_WHAT TO PRODUCE_
Within the data below, copy each line where the string "have" is found.

Records drawn from a dataset:
────
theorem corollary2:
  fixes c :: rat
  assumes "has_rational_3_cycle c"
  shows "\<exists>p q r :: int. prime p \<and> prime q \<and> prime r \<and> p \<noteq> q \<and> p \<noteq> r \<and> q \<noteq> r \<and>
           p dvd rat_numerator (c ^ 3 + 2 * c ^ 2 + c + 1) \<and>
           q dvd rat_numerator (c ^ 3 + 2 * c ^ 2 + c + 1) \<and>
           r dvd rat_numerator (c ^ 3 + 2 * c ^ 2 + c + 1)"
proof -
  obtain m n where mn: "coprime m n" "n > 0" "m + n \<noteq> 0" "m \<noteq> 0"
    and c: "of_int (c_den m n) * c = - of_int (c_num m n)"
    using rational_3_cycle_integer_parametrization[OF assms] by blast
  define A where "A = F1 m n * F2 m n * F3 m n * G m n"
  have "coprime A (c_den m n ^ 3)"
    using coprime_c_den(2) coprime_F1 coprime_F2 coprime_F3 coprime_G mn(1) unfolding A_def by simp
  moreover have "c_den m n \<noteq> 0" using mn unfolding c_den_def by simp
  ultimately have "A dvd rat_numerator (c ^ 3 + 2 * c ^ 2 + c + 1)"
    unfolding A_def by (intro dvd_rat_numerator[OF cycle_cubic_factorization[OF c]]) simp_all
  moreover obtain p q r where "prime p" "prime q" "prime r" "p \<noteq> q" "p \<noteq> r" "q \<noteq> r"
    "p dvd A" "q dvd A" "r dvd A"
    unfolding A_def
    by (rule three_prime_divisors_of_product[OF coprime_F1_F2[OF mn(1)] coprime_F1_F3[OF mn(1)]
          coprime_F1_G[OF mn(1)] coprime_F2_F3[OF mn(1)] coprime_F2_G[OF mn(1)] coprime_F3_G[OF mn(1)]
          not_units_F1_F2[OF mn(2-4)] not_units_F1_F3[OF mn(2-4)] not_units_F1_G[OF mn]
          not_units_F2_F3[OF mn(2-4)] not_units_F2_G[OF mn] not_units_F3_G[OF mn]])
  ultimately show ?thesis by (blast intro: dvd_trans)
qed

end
────
_EXERCISE ANSWER_
  have "coprime A (c_den m n ^ 3)"
  moreover have "c_den m n \<noteq> 0" using mn unfolding c_den_def by simp
  ultimately have "A dvd rat_numerator (c ^ 3 + 2 * c ^ 2 + c + 1)"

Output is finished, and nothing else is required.